section \<open>X - a is a local parameter\<close>

(* Since dH/dY = q Y^(q-1) + 1 = 1, B = (Y^q - b^q) / (Y - b) + 1 is a unit at P = (a, b):
   X - a is a local parameter at P. *)
lemma Hermitian_local_parameter:
  fixes a b :: "'a::field"
  assumes P: "(a, b) \<in> HermPts q" and q0: "of_nat q = (0::'a)"
  obtains A B where "Y_minus b * B = hermH q + X_minus a * A" and "heval B (a, b) = 1"
proof
  define B where "B = (\<Sum>i<q. [:[:b:]:] ^ (q - Suc i) * Yp ^ i) + (1 :: 'a poly poly)"
  define A where "A = (\<Sum>i<q + 1. [:[:a:]:] ^ (q + 1 - Suc i) * Xp ^ i :: 'a poly poly)"
  have curve: "[:[:b:]:] ^ q + [:[:b:]:] = [:[:a:]:] ^ (q + 1)"
    using P by (simp add: HermPts_def poly_const_pow)
  have "Y_minus b * B = (Yp ^ q - [:[:b:]:] ^ q) + Y_minus b"
    by (simp add: B_def power_diff_sumr2 algebra_simps)
  also have "\<dots> = hermH q + (Xp ^ (q + 1) - ([:[:b:]:] ^ q + [:[:b:]:]))"
    by (simp add: hermH_def algebra_simps)
  also have "\<dots> = hermH q + X_minus a * A"
    by (simp only: curve A_def power_diff_sumr2)
  finally show "Y_minus b * B = hermH q + X_minus a * A" .
  have "(\<Sum>i<q. b ^ (q - Suc i) * b ^ i) = of_nat q * b ^ (q - 1)"
    by (simp add: power_add [symmetric])
  then show "heval B (a, b) = 1"
    using q0 by (simp add: B_def heval_altdef Yp_def poly_sum coeff_sum)
qed

lemma hval_ge_imp_unit_power_mult:
  assumes AB: "Y_minus b * B = hermH q + X_minus a * A" and "hval_ge q (a, b) k F"
  shows "\<exists>C D. B ^ k * F = X_minus a ^ k * C + D * hermH q"
  using assms(2)
proof (induction k arbitrary: F)
  case 0
  then show ?case
    by (intro exI[of _ F] exI[of _ 0]) simp
next
  case (Suc k)
  then obtain F\<^sub>X F\<^sub>Y d where "hval_ge q (a, b) k F\<^sub>X" "hval_ge q (a, b) k F\<^sub>Y"
    and F: "F = X_minus a * F\<^sub>X + Y_minus b * F\<^sub>Y + d * hermH q"
    by (auto simp: hval_ge_Suc_iff)
  then obtain C\<^sub>X D\<^sub>X C\<^sub>Y D\<^sub>Y
    where X: "B ^ k * F\<^sub>X = X_minus a ^ k * C\<^sub>X + D\<^sub>X * hermH q"
      and Y: "B ^ k * F\<^sub>Y = X_minus a ^ k * C\<^sub>Y + D\<^sub>Y * hermH q"
    using Suc.IH by meson
  have "B ^ Suc k * F
      = X_minus a * B * (B ^ k * F\<^sub>X) + (Y_minus b * B) * (B ^ k * F\<^sub>Y) + B ^ Suc k * d * hermH q"
    by (simp add: F algebra_simps)
  also have "\<dots> = X_minus a ^ Suc k * (B * C\<^sub>X + A * C\<^sub>Y)
      + (X_minus a * B * D\<^sub>X + X_minus a ^ k * C\<^sub>Y + (hermH q + X_minus a * A) * D\<^sub>Y + B ^ Suc k * d)
        * hermH q"
    unfolding X Y AB by (simp add: algebra_simps smult_add_right)
  finally show ?case
    by blast
qed

(* Multiplying by B^(k+1) turns every generator Y - b of M_P into X - a modulo H; the factor
   X - a can then be cancelled because H is monic in Y. *)
lemma hval_ge_cancel_X_minus:
  fixes W F :: "'a::field poly poly"
  assumes P: "(a, b) \<in> HermPts q" and q0: "of_nat q = (0::'a)" and q2: "q \<ge> 2"
    and W: "heval W (a, b) \<noteq> 0" and XWF: "hval_ge q (a, b) (Suc k) (X_minus a * W * F)"
  shows "hval_ge q (a, b) k F"
proof -
  obtain A B where AB: "Y_minus b * B = hermH q + X_minus a * A" and B: "heval B (a, b) = 1"
    using Hermitian_local_parameter[OF P q0] .
  obtain C D where CD: "B ^ Suc k * (X_minus a * W * F) = X_minus a ^ Suc k * C + D * hermH q"
    using hval_ge_imp_unit_power_mult[OF AB XWF] by blast
  define Z where "Z = B ^ Suc k * W * F - X_minus a ^ k * C"
  have "X_minus a * Z = B ^ Suc k * (X_minus a * W * F) - X_minus a ^ Suc k * C"
    by (simp only: Z_def right_diff_distrib power_Suc ac_simps)
  also have "\<dots> = hermH q * D"
    unfolding CD by (simp add: mult.commute)
  finally have "hermH q dvd X_minus a * Z"
    by (rule dvdI)
  then have "hermH q dvd smult [:-a, 1:] Z"
    by (simp add: Xp_def)
  then have "hermH q dvd Z"
    by (rule dvd_monic[OF lead_coeff_hermH[OF q2]]) simp
  then obtain E where "Z = hermH q * E"
    by (elim dvdE)
  then have "B ^ Suc k * W * F = X_minus a ^ k * C + E * hermH q"
    by (simp add: Z_def diff_eq_eq ac_simps)
  moreover have "hval_ge q (a, b) k (C * X_minus a ^ k + E * hermH q)"
    by (intro hval_ge_add hval_ge_hermH_multiple hval_ge_mult_left hval_ge_X_minus_power)
  ultimately have "hval_ge q (a, b) k ((B ^ Suc k * W) * F)"
    by (simp add: mult.commute)
  then show ?thesis
    by (rule hval_ge_cancel_unit[rotated]) (simp add: B W)
qed

lemma hval_ge_cancel_Gp:
  fixes F :: "'a::{field,finite} poly poly"
  assumes P: "(a, b) \<in> HermPts q" and q0: "of_nat q = (0::'a)" and card: "card (UNIV :: 'a set) = q\<^sup>2"
    and GF: "hval_ge q (a, b) (Suc k) (Gp q * F)"
  shows "hval_ge q (a, b) k F"
proof -
  have "of_nat (q\<^sup>2) = (0::'a)"
    using q0 by simp
  moreover have "a ^ q\<^sup>2 = a"
    using field_power_card_eq_same[of a] card by simp
  ultimately obtain u where u: "[:0, 1:] ^ q\<^sup>2 - [:0, 1:] = [:-a, 1:] * u" and "poly u a = -1"
    by (rule X_power_minus_X_eq_linear_mult)
  have "Gp q = X_minus a * [:u:]"
    by (simp add: Gp_eq u Xp_def)
  then have "hval_ge q (a, b) (Suc k) (X_minus a * [:u:] * F)"
    using GF by simp
  then show ?thesis
    by (rule hval_ge_cancel_X_minus[OF P q0 card_UNIV_eq_square_imp_ge_2[OF card], rotated])
      (simp add: \<open>poly u a = -1\<close>)
qed

section \<open>Division by powers of G\<close>

lemma coeff_vanishes_of_vanishes_on_HermPts:
  fixes r :: "'a::{field,finite} poly poly"
  assumes frob: "\<And>x y :: 'a. (x + y) ^ q = x ^ q + y ^ q"
    and card: "card (UNIV :: 'a set) = q\<^sup>2"
    and r: "degree r < q" "\<forall>P\<in>HermPts q. heval r P = 0"
  shows "poly (coeff r j) \<alpha> = 0"
proof -
  define r\<^sub>\<alpha> where "r\<^sub>\<alpha> = map_poly (\<lambda>c. poly c \<alpha>) r"
  have "r\<^sub>\<alpha> = 0"
  proof (rule ccontr)
    assume "r\<^sub>\<alpha> \<noteq> 0"
    have "{b. b ^ q + b = \<alpha> ^ (q + 1)} \<subseteq> {b. poly r\<^sub>\<alpha> b = 0}"
      using r(2) by (auto simp: HermPts_def heval_def r\<^sub>\<alpha>_def)
    then have "q \<le> card {b. poly r\<^sub>\<alpha> b = 0}"
      using card_Hermitian_fiber_ge[OF frob card, of \<alpha>] poly_roots_finite[OF \<open>r\<^sub>\<alpha> \<noteq> 0\<close>]
      by (meson card_mono le_trans)
    also have "\<dots> \<le> degree r\<^sub>\<alpha>"
      using \<open>r\<^sub>\<alpha> \<noteq> 0\<close> by (rule card_poly_roots_bound)
    also have "\<dots> \<le> degree r"
      unfolding r\<^sub>\<alpha>_def by (rule degree_le) (simp add: coeff_map_poly coeff_eq_0)
    finally show False
      using r(1) by simp
  qed
  then show ?thesis
    using coeff_map_poly[of "\<lambda>c. poly c \<alpha>" r j] by (simp add: r\<^sub>\<alpha>_def)
qed

lemma Gp_dvd_of_vanishes_on_HermPts:
  fixes r :: "'a::{field,finite} poly poly"
  assumes frob: "\<And>x y :: 'a. (x + y) ^ q = x ^ q + y ^ q"
    and card: "card (UNIV :: 'a set) = q\<^sup>2"
    and r: "degree r < q" "\<forall>P\<in>HermPts q. heval r P = 0"
  shows "Gp q dvd r"
  unfolding Gp_eq const_poly_dvd_iff
  using X_power_card_minus_X_dvd[OF coeff_vanishes_of_vanishes_on_HermPts[OF frob card r]] card
  by simp

lemma hcong_Gp_power_mult_of_hval_ge:
  fixes F :: "'a::{field,finite} poly poly"
  assumes frob: "\<And>x y :: 'a. (x + y) ^ q = x ^ q + y ^ q"
    and q0: "of_nat q = (0::'a)" and card: "card (UNIV :: 'a set) = q\<^sup>2"
    and "\<forall>P\<in>HermPts q. hval_ge q P k F"
  shows "\<exists>\<Omega>. hcong q F (Gp q ^ k * \<Omega>)"
  using assms(4)
proof (induction k arbitrary: F)
  case 0
  show ?case
    by (intro exI[of _ F]) (simp add: hcong_def)
next
  case (Suc k)
  obtain r where r: "hreduced q r" "hcong q F r"
    using hermH_reduce[OF card_UNIV_eq_square_imp_ge_2[OF card]] by metis
  have hval_r: "hval_ge q P (Suc k) r" if "P \<in> HermPts q" for P
  proof -
    obtain t where "F - r = hermH q * t"
      using r(2) by (auto simp: hcong_def)
    then have "r = F - t * hermH q"
      by (simp add: algebra_simps)
    then show ?thesis
      using Suc.prems that by (simp add: hval_ge_diff hval_ge_hermH_multiple)
  qed
  then have "\<forall>P\<in>HermPts q. heval r P = 0"
    using heval_eq_0_of_hval_ge by blast
  then have "Gp q dvd r"
    using r(1) by (intro Gp_dvd_of_vanishes_on_HermPts[OF frob card]) (simp_all add: hreduced_def)
  then obtain F' where F': "r = Gp q * F'"
    by (elim dvdE)
  have "hval_ge q P k F'" if P: "P \<in> HermPts q" for P
  proof -
    obtain a b where "P = (a, b)"
      by (cases P)
    then show ?thesis
      using hval_ge_cancel_Gp[OF _ q0 card] P hval_r[OF P] unfolding F' by blast
  qed
  then obtain \<Omega> where "hcong q F' (Gp q ^ k * \<Omega>)"
    using Suc.IH by blast
  then have "hcong q F (Gp q ^ Suc k * \<Omega>)"
    using hcong_trans[OF r(2)] hcong_mult_left[of q F' _ "Gp q"] by (simp add: F' mult.assoc)
  then show ?case
    by blast
qed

▸ **YOUR OBJECTIVE**: Starting at the line that contains "using r(2) by (auto simp: hcong_def)", repeat each line exactly through the last one in the listing. Include both of those lines and nothing more.

▸ **RESPONSE**:
      using r(2) by (auto simp: hcong_def)
    then have "r = F - t * hermH q"
      by (simp add: algebra_simps)
    then show ?thesis
      using Suc.prems that by (simp add: hval_ge_diff hval_ge_hermH_multiple)
  qed
  then have "\<forall>P\<in>HermPts q. heval r P = 0"
    using heval_eq_0_of_hval_ge by blast
  then have "Gp q dvd r"
    using r(1) by (intro Gp_dvd_of_vanishes_on_HermPts[OF frob card]) (simp_all add: hreduced_def)
  then obtain F' where F': "r = Gp q * F'"
    by (elim dvdE)
  have "hval_ge q P k F'" if P: "P \<in> HermPts q" for P
  proof -
    obtain a b where "P = (a, b)"
      by (cases P)
    then show ?thesis
      using hval_ge_cancel_Gp[OF _ q0 card] P hval_r[OF P] unfolding F' by blast
  qed
  then obtain \<Omega> where "hcong q F' (Gp q ^ k * \<Omega>)"
    using Suc.IH by blast
  then have "hcong q F (Gp q ^ Suc k * \<Omega>)"
    using hcong_trans[OF r(2)] hcong_mult_left[of q F' _ "Gp q"] by (simp add: F' mult.assoc)
  then show ?case
    by blast
qed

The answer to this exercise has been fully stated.